* **PROBLEM DETAILS**
Scan the data for "assumes" and copy each matching line.

──────── STORED DATA ────────

lemma pullbacks_differ_if_infinite_Delta:
  assumes G: "group G" and hom: "\<phi> \<in> hom H G" "\<psi> \<in> hom H G"
    and inf: "infinite (Delta G H \<phi> \<psi>)" and CA: "is_CA G A \<tau>"
    and nonconst: "x \<in> configs G A" "y \<in> configs G A" "\<tau> x \<noteq> \<tau> y"
  shows "\<exists>z\<in>configs G A. pullback H \<phi> (\<tau> z) \<noteq> pullback H \<psi> (\<tau> z)"
proof (rule ccontr)
  assume "\<not> ?thesis"
  then have equal: "pullback H \<phi> (\<tau> z) = pullback H \<psi> (\<tau> z)" if "z \<in> configs G A" for z
    using that by blast
  from CA obtain T \<mu> where T: "finite T" "T \<subseteq> carrier G"
    and local_rule: "\<And>x g. x \<in> configs G A \<Longrightarrow> g \<in> carrier G \<Longrightarrow>
                       \<tau> x g = \<mu> (restrict (shift G (inv\<^bsub>G\<^esub> g) x) T)"
    and maps: "\<tau> \<in> configs G A \<rightarrow> configs G A"
    unfolding is_CA_def by blast
  obtain h where h: "h \<in> carrier H" and disjoint: "\<forall>s\<in>T. \<forall>t\<in>T. \<phi> h \<otimes>\<^bsub>G\<^esub> s \<noteq> \<psi> h \<otimes>\<^bsub>G\<^esub> t"
    using separated_cells_if_infinite_Delta[OF G hom inf T] .
  have uv: "\<phi> h \<in> carrier G" "\<psi> h \<in> carrier G" using hom h by (auto simp: hom_def)
  have equal_at_h: "\<tau> z (\<phi> h) = \<tau> z (\<psi> h)" if "z \<in> configs G A" for z
    using fun_cong[OF equal[OF that], of h] h by (simp add: pullback_def)
  have a: "x \<one>\<^bsub>G\<^esub> \<in> A"
    using nonconst(1) G by (auto simp: configs_def group.is_monoid monoid.one_closed)
  have "\<tau> x = \<tau> y"
    by (rule CA_constant_if_equal_at_separated_cells[OF G T(2) _ maps uv disjoint])
      (fact local_rule equal_at_h a nonconst)+
  then show False using nonconst(3) by contradiction
qed

lemma Delta_eq_image: "Delta G H \<phi> \<psi> = (\<lambda>h. inv\<^bsub>G\<^esub> (\<psi> h) \<otimes>\<^bsub>G\<^esub> \<phi> h) ` carrier H"
  by (auto simp: Delta_def)

lemma subgroup_Delta:
  assumes G: "comm_group G" and H: "group H" and hom: "\<phi> \<in> hom H G" "\<psi> \<in> hom H G"
  shows "subgroup (Delta G H \<phi> \<psi>) G"
proof -
  interpret G: comm_group G by fact
  define f where "f = (\<lambda>h. inv\<^bsub>G\<^esub> (\<psi> h) \<otimes>\<^bsub>G\<^esub> \<phi> h)"
  have closed: "\<phi> h \<in> carrier G" "\<psi> h \<in> carrier G" if "h \<in> carrier H" for h
    using hom that by (auto simp: hom_def)
  have "f \<in> hom H G"
  proof (rule homI)
    fix x y assume xy: "x \<in> carrier H" "y \<in> carrier H"
    then show "f (x \<otimes>\<^bsub>H\<^esub> y) = f x \<otimes>\<^bsub>G\<^esub> f y"
      using closed[OF xy(1)] closed[OF xy(2)] hom
      by (simp add: f_def hom_mult G.inv_mult G.m_ac)
  qed (simp add: f_def closed)
  then interpret f: group_hom H G f
    using H G.is_group by (simp add: group_hom_def group_hom_axioms_def)
  show ?thesis using f.img_is_subgroup by (simp add: Delta_eq_image f_def)
qed

lemma finite_subgroup_containing_Delta:
  assumes G: "group G" and H: "group H" and hom: "\<phi> \<in> hom H G" "\<psi> \<in> hom H G"
    and abelian_or_lf: "comm_group G \<or> locally_finite_group G"
    and fin: "finite (Delta G H \<phi> \<psi>)"
  obtains K where "subgroup K G" "finite K" "Delta G H \<phi> \<psi> \<subseteq> K"
proof (cases "comm_group G")
  case True
  then show ?thesis using subgroup_Delta[OF True H hom] fin that by blast
next
  case False
  let ?K = "generate G (Delta G H \<phi> \<psi>)"
  have sub: "Delta G H \<phi> \<psi> \<subseteq> carrier G" using Delta_subset_carrier[OF G hom] .
  show ?thesis
  proof (rule that)
    show "subgroup ?K G" using group.generate_is_subgroup[OF G sub] .
    show "finite ?K" using False abelian_or_lf fin sub unfolding locally_finite_group_def by blast
    show "Delta G H \<phi> \<psi> \<subseteq> ?K" by (auto intro: generate.incl)
  qed
qed

definition coset_CA :: "('g, 'm) monoid_scheme \<Rightarrow> 'g set \<Rightarrow> 'a \<Rightarrow> 'a \<Rightarrow> ('g \<Rightarrow> 'a) \<Rightarrow> ('g \<Rightarrow> 'a)"
  where "coset_CA G K a b x = (\<lambda>g\<in>carrier G. if \<forall>k\<in>g <#\<^bsub>G\<^esub> K. x k = a then a else b)"

lemma is_CA_coset_CA:
  assumes G: "group G" and K: "subgroup K G" "finite K" and ab: "a \<in> A" "b \<in> A"
  shows "is_CA G A (coset_CA G K a b)"
  unfolding is_CA_def
proof (intro conjI exI[of _ K] exI[of _ "\<lambda>p. if \<forall>k\<in>K. p k = a then a else b"] ballI)
  show "coset_CA G K a b \<in> configs G A \<rightarrow> configs G A"
    using ab by (auto simp: configs_def coset_CA_def)
  show "(\<lambda>p. if \<forall>k\<in>K. p k = a then a else b) \<in> (K \<rightarrow>\<^sub>E A) \<rightarrow> A" using ab by auto
  show "K \<subseteq> carrier G" using K(1) by (rule subgroup.subset)
  fix x g assume "g \<in> carrier G"
  then show "coset_CA G K a b x g =
      (if \<forall>k\<in>K. restrict (shift G (inv\<^bsub>G\<^esub> g) x) K k = a then a else b)"
    using subgroup.mem_carrier[OF K(1)]
    by (auto simp: coset_CA_def l_coset_def shift_inv_apply[OF G])
qed (fact K(2))

lemma coset_CA_not_constant:
  fixes G (structure)
  assumes G: "group G" and K: "subgroup K G" and ab: "a \<noteq> b"
  shows "coset_CA G K a b (\<lambda>g\<in>carrier G. a) \<noteq> coset_CA G K a b (\<lambda>g\<in>carrier G. b)"
proof -
  interpret group G by fact
  have "\<one> <# K = K" "\<one> \<in> K" "K \<subseteq> carrier G"
    using K by (auto simp: lcos_mult_one subgroup.one_closed subgroup.subset)
  then have "coset_CA G K a b (\<lambda>g\<in>carrier G. c) \<one> = (if c = a then a else b)" for c
    by (auto simp: coset_CA_def)
  then show ?thesis using ab by metis
qed

lemma coset_CA_mult_right:
  fixes G (structure)
  assumes G: "group G" and K: "subgroup K G"
    and g: "g \<in> carrier G" and d: "d \<in> K"
  shows "coset_CA G K a b x (g \<otimes> d) = coset_CA G K a b x g"
proof -
  interpret group G by fact
  have "d \<in> carrier G" using K d by (auto dest: subgroup.subset)
  then have "(g \<otimes> d) <# K = g <# K"
    using K g d by (metis coset_join3 lcos_m_assoc subgroup.subset)
  then show ?thesis using g \<open>d \<in> carrier G\<close> by (simp add: coset_CA_def)
qed

lemma pullbacks_coset_CA_eq:
  fixes G (structure)
  assumes G: "group G" and hom: "\<phi> \<in> hom H G" "\<psi> \<in> hom H G"
    and K: "subgroup K G" "Delta G H \<phi> \<psi> \<subseteq> K"
  shows "pullback H \<phi> (coset_CA G K a b x) = pullback H \<psi> (coset_CA G K a b x)"
proof -
  interpret group G by fact
  have "coset_CA G K a b x (\<phi> h) = coset_CA G K a b x (\<psi> h)" if h: "h \<in> carrier H" for h
  proof -
    have u: "\<phi> h \<in> carrier G" and v: "\<psi> h \<in> carrier G" using hom h by (auto simp: hom_def)
    have "\<phi> h = \<psi> h \<otimes> (inv (\<psi> h) \<otimes> \<phi> h)" using u v by (simp add: m_assoc[symmetric])
    moreover have "inv (\<psi> h) \<otimes> \<phi> h \<in> K" using K(2) h by (auto simp: Delta_def)
    ultimately show ?thesis using coset_CA_mult_right[OF G K(1) v] by metis
  qed
  then show ?thesis by (auto simp: pullback_def)
qed

theorem proposition3p14:
  fixes G :: "('g, 'm) monoid_scheme" and H :: "('h, 'n) monoid_scheme"
    and A :: "'a set" and \<phi> \<psi> :: "'h \<Rightarrow> 'g"
  assumes "group G" and "group H"
    and "comm_group G \<or> locally_finite_group G"
    and "\<phi> \<in> hom H G" and "\<psi> \<in> hom H G"
    and "finite A" and "card A \<ge> 2"
  shows "(\<forall>\<tau>. is_CA G A \<tau> \<and> (\<exists>x\<in>configs G A. \<exists>y\<in>configs G A. \<tau> x \<noteq> \<tau> y) \<longrightarrow>
            (\<exists>x\<in>configs G A. pullback H \<phi> (\<tau> x) \<noteq> pullback H \<psi> (\<tau> x)))
         \<longleftrightarrow> infinite (Delta G H \<phi> \<psi>)"
proof
  assume separates: "\<forall>\<tau>. is_CA G A \<tau> \<and> (\<exists>x\<in>configs G A. \<exists>y\<in>configs G A. \<tau> x \<noteq> \<tau> y) \<longrightarrow>
            (\<exists>x\<in>configs G A. pullback H \<phi> (\<tau> x) \<noteq> pullback H \<psi> (\<tau> x))"
  show "infinite (Delta G H \<phi> \<psi>)"
  proof
    assume "finite (Delta G H \<phi> \<psi>)"
    then obtain K where K: "subgroup K G" "finite K" "Delta G H \<phi> \<psi> \<subseteq> K"
      using finite_subgroup_containing_Delta assms(1-5) by metis
    obtain a b where ab: "a \<in> A" "b \<in> A" "a \<noteq> b"
      using assms(7) by (metis One_nat_def Suc_1 card_le_Suc_iff insert_iff)
    define \<tau> where "\<tau> = coset_CA G K a b"
    have "is_CA G A \<tau>" using is_CA_coset_CA[OF assms(1) K(1,2) ab(1,2)] by (simp add: \<tau>_def)
    moreover have "(\<lambda>g\<in>carrier G. a) \<in> configs G A" "(\<lambda>g\<in>carrier G. b) \<in> configs G A"
      using ab by (auto simp: configs_def)
    moreover have "\<tau> (\<lambda>g\<in>carrier G. a) \<noteq> \<tau> (\<lambda>g\<in>carrier G. b)"
      using coset_CA_not_constant[OF assms(1) K(1) ab(3)] by (simp add: \<tau>_def)
    moreover have "pullback H \<phi> (\<tau> x) = pullback H \<psi> (\<tau> x)" for x
      using pullbacks_coset_CA_eq[OF assms(1,4,5) K(1,3)] by (simp add: \<tau>_def)
    ultimately show False using separates by blast
  qed
next
  assume "infinite (Delta G H \<phi> \<psi>)"
  then show "\<forall>\<tau>. is_CA G A \<tau> \<and> (\<exists>x\<in>configs G A. \<exists>y\<in>configs G A. \<tau> x \<noteq> \<tau> y) \<longrightarrow>
            (\<exists>x\<in>configs G A. pullback H \<phi> (\<tau> x) \<noteq> pullback H \<psi> (\<tau> x))"
    using pullbacks_differ_if_infinite_Delta[OF assms(1,4,5)] by blast
qed

end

────────

* **RESPONSE AREA**
  assumes G: "group G" and hom: "\<phi> \<in> hom H G" "\<psi> \<in> hom H G"
  assumes G: "comm_group G" and H: "group H" and hom: "\<phi> \<in> hom H G" "\<psi> \<in> hom H G"
  assumes G: "group G" and H: "group H" and hom: "\<phi> \<in> hom H G" "\<psi> \<in> hom H G"
  assumes G: "group G" and K: "subgroup K G" "finite K" and ab: "a \<in> A" "b \<in> A"
  assumes G: "group G" and K: "subgroup K G" and ab: "a \<noteq> b"
  assumes G: "group G" and K: "subgroup K G"
  assumes G: "group G" and hom: "\<phi> \<in> hom H G" "\<psi> \<in> hom H G"
  assumes "group G" and "group H"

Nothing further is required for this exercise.